**About this task:** What you give back should be exactly the opening lines of the data, ending with the line that contains "choose i) = (n" and including it.

(Saved data entries)
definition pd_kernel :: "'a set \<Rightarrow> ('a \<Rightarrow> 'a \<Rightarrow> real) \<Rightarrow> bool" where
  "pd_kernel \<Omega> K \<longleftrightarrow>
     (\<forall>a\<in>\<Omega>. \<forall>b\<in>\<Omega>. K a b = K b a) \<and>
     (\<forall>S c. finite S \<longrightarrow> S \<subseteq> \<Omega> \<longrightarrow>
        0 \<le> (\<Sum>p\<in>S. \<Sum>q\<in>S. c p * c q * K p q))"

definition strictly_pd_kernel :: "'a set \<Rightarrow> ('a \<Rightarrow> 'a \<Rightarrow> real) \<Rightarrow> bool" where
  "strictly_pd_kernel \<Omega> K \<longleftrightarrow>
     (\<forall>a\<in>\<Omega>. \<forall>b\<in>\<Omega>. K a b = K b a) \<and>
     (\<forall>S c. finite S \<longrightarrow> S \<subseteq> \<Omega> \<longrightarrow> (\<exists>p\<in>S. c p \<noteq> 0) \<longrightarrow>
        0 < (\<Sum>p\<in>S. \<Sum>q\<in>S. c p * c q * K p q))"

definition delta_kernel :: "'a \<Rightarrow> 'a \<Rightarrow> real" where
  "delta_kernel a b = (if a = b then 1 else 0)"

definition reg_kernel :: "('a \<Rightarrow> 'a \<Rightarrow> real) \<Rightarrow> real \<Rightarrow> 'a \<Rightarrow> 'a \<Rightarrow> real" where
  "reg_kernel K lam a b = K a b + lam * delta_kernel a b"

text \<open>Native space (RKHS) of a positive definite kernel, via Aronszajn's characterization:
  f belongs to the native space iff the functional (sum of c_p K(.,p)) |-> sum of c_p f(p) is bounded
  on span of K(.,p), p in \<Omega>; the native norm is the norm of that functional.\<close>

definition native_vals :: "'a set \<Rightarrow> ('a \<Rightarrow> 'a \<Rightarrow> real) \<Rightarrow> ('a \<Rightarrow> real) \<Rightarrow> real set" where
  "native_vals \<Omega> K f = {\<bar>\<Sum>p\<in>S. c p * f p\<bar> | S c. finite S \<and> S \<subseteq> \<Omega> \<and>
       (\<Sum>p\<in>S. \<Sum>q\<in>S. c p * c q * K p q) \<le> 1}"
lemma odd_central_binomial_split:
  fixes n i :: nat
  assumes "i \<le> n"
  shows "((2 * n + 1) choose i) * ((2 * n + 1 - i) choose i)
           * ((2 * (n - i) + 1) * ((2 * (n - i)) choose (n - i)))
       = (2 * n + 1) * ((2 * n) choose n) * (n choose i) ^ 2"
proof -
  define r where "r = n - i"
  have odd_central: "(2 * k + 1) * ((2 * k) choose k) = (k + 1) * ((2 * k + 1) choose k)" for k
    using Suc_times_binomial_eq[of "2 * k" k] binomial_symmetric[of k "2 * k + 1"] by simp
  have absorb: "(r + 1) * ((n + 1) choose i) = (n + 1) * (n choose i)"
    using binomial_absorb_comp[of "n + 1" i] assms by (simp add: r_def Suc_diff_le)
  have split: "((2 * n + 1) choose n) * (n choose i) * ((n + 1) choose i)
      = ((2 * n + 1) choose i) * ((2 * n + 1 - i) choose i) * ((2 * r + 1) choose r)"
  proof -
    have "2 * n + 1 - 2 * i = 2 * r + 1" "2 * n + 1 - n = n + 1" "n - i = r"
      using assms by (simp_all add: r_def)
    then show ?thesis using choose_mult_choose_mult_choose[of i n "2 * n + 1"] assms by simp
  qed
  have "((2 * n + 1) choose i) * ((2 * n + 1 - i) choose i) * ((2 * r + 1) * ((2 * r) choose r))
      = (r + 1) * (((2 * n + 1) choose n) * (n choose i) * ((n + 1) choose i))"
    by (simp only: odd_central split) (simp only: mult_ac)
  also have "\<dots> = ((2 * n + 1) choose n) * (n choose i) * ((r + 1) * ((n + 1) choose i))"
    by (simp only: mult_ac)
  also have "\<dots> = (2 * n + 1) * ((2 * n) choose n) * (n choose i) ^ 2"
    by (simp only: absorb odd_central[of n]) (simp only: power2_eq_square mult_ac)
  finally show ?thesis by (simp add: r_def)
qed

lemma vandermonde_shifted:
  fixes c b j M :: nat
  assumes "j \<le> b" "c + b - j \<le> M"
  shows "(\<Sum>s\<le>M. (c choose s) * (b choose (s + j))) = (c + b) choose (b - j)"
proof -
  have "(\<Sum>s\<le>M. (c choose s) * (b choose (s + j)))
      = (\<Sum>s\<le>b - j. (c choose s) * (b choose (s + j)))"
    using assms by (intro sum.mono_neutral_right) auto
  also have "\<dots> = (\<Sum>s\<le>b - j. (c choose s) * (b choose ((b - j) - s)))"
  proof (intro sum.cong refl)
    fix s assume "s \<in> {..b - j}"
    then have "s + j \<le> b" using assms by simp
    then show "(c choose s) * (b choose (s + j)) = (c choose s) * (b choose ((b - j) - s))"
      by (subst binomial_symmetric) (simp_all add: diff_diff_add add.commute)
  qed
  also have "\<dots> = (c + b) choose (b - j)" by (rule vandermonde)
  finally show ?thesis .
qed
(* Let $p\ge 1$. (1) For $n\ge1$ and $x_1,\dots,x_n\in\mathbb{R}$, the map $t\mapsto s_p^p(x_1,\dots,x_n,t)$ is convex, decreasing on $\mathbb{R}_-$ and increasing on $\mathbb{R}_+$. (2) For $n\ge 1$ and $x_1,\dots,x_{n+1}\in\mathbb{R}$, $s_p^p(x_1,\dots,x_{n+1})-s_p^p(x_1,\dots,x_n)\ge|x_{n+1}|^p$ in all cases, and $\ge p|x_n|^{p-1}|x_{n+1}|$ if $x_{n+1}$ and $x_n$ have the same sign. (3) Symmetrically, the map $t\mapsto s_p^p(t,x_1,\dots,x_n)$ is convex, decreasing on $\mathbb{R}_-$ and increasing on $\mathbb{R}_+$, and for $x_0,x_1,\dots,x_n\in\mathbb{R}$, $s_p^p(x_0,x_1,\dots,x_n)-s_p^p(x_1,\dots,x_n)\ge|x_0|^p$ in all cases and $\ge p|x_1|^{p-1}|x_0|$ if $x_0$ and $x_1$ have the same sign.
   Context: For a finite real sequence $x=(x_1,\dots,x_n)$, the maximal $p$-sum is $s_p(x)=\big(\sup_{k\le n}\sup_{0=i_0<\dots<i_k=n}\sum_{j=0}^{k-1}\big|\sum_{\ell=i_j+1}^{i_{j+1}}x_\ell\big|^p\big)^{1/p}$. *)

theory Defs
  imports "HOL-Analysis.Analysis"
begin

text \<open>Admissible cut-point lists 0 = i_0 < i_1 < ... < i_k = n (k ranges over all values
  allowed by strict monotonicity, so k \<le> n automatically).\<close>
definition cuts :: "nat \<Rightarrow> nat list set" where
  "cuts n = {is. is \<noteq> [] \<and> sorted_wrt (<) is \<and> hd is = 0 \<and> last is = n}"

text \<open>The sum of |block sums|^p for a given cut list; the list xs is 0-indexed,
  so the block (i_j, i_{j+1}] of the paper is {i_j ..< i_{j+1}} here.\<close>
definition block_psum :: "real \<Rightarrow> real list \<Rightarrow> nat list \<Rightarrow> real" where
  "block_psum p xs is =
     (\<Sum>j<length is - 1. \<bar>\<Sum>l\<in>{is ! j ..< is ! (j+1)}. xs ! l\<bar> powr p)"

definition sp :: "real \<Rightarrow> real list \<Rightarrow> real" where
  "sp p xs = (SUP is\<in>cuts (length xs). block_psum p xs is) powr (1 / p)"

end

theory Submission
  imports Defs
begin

**Expected answer:**
definition pd_kernel :: "'a set \<Rightarrow> ('a \<Rightarrow> 'a \<Rightarrow> real) \<Rightarrow> bool" where
  "pd_kernel \<Omega> K \<longleftrightarrow>
     (\<forall>a\<in>\<Omega>. \<forall>b\<in>\<Omega>. K a b = K b a) \<and>
     (\<forall>S c. finite S \<longrightarrow> S \<subseteq> \<Omega> \<longrightarrow>
        0 \<le> (\<Sum>p\<in>S. \<Sum>q\<in>S. c p * c q * K p q))"

definition strictly_pd_kernel :: "'a set \<Rightarrow> ('a \<Rightarrow> 'a \<Rightarrow> real) \<Rightarrow> bool" where
  "strictly_pd_kernel \<Omega> K \<longleftrightarrow>
     (\<forall>a\<in>\<Omega>. \<forall>b\<in>\<Omega>. K a b = K b a) \<and>
     (\<forall>S c. finite S \<longrightarrow> S \<subseteq> \<Omega> \<longrightarrow> (\<exists>p\<in>S. c p \<noteq> 0) \<longrightarrow>
        0 < (\<Sum>p\<in>S. \<Sum>q\<in>S. c p * c q * K p q))"

definition delta_kernel :: "'a \<Rightarrow> 'a \<Rightarrow> real" where
  "delta_kernel a b = (if a = b then 1 else 0)"

definition reg_kernel :: "('a \<Rightarrow> 'a \<Rightarrow> real) \<Rightarrow> real \<Rightarrow> 'a \<Rightarrow> 'a \<Rightarrow> real" where
  "reg_kernel K lam a b = K a b + lam * delta_kernel a b"

text \<open>Native space (RKHS) of a positive definite kernel, via Aronszajn's characterization:
  f belongs to the native space iff the functional (sum of c_p K(.,p)) |-> sum of c_p f(p) is bounded
  on span of K(.,p), p in \<Omega>; the native norm is the norm of that functional.\<close>

definition native_vals :: "'a set \<Rightarrow> ('a \<Rightarrow> 'a \<Rightarrow> real) \<Rightarrow> ('a \<Rightarrow> real) \<Rightarrow> real set" where
  "native_vals \<Omega> K f = {\<bar>\<Sum>p\<in>S. c p * f p\<bar> | S c. finite S \<and> S \<subseteq> \<Omega> \<and>
       (\<Sum>p\<in>S. \<Sum>q\<in>S. c p * c q * K p q) \<le> 1}"
lemma odd_central_binomial_split:
  fixes n i :: nat
  assumes "i \<le> n"
  shows "((2 * n + 1) choose i) * ((2 * n + 1 - i) choose i)
           * ((2 * (n - i) + 1) * ((2 * (n - i)) choose (n - i)))
       = (2 * n + 1) * ((2 * n) choose n) * (n choose i) ^ 2"
proof -
  define r where "r = n - i"
  have odd_central: "(2 * k + 1) * ((2 * k) choose k) = (k + 1) * ((2 * k + 1) choose k)" for k
    using Suc_times_binomial_eq[of "2 * k" k] binomial_symmetric[of k "2 * k + 1"] by simp
  have absorb: "(r + 1) * ((n + 1) choose i) = (n + 1) * (n choose i)"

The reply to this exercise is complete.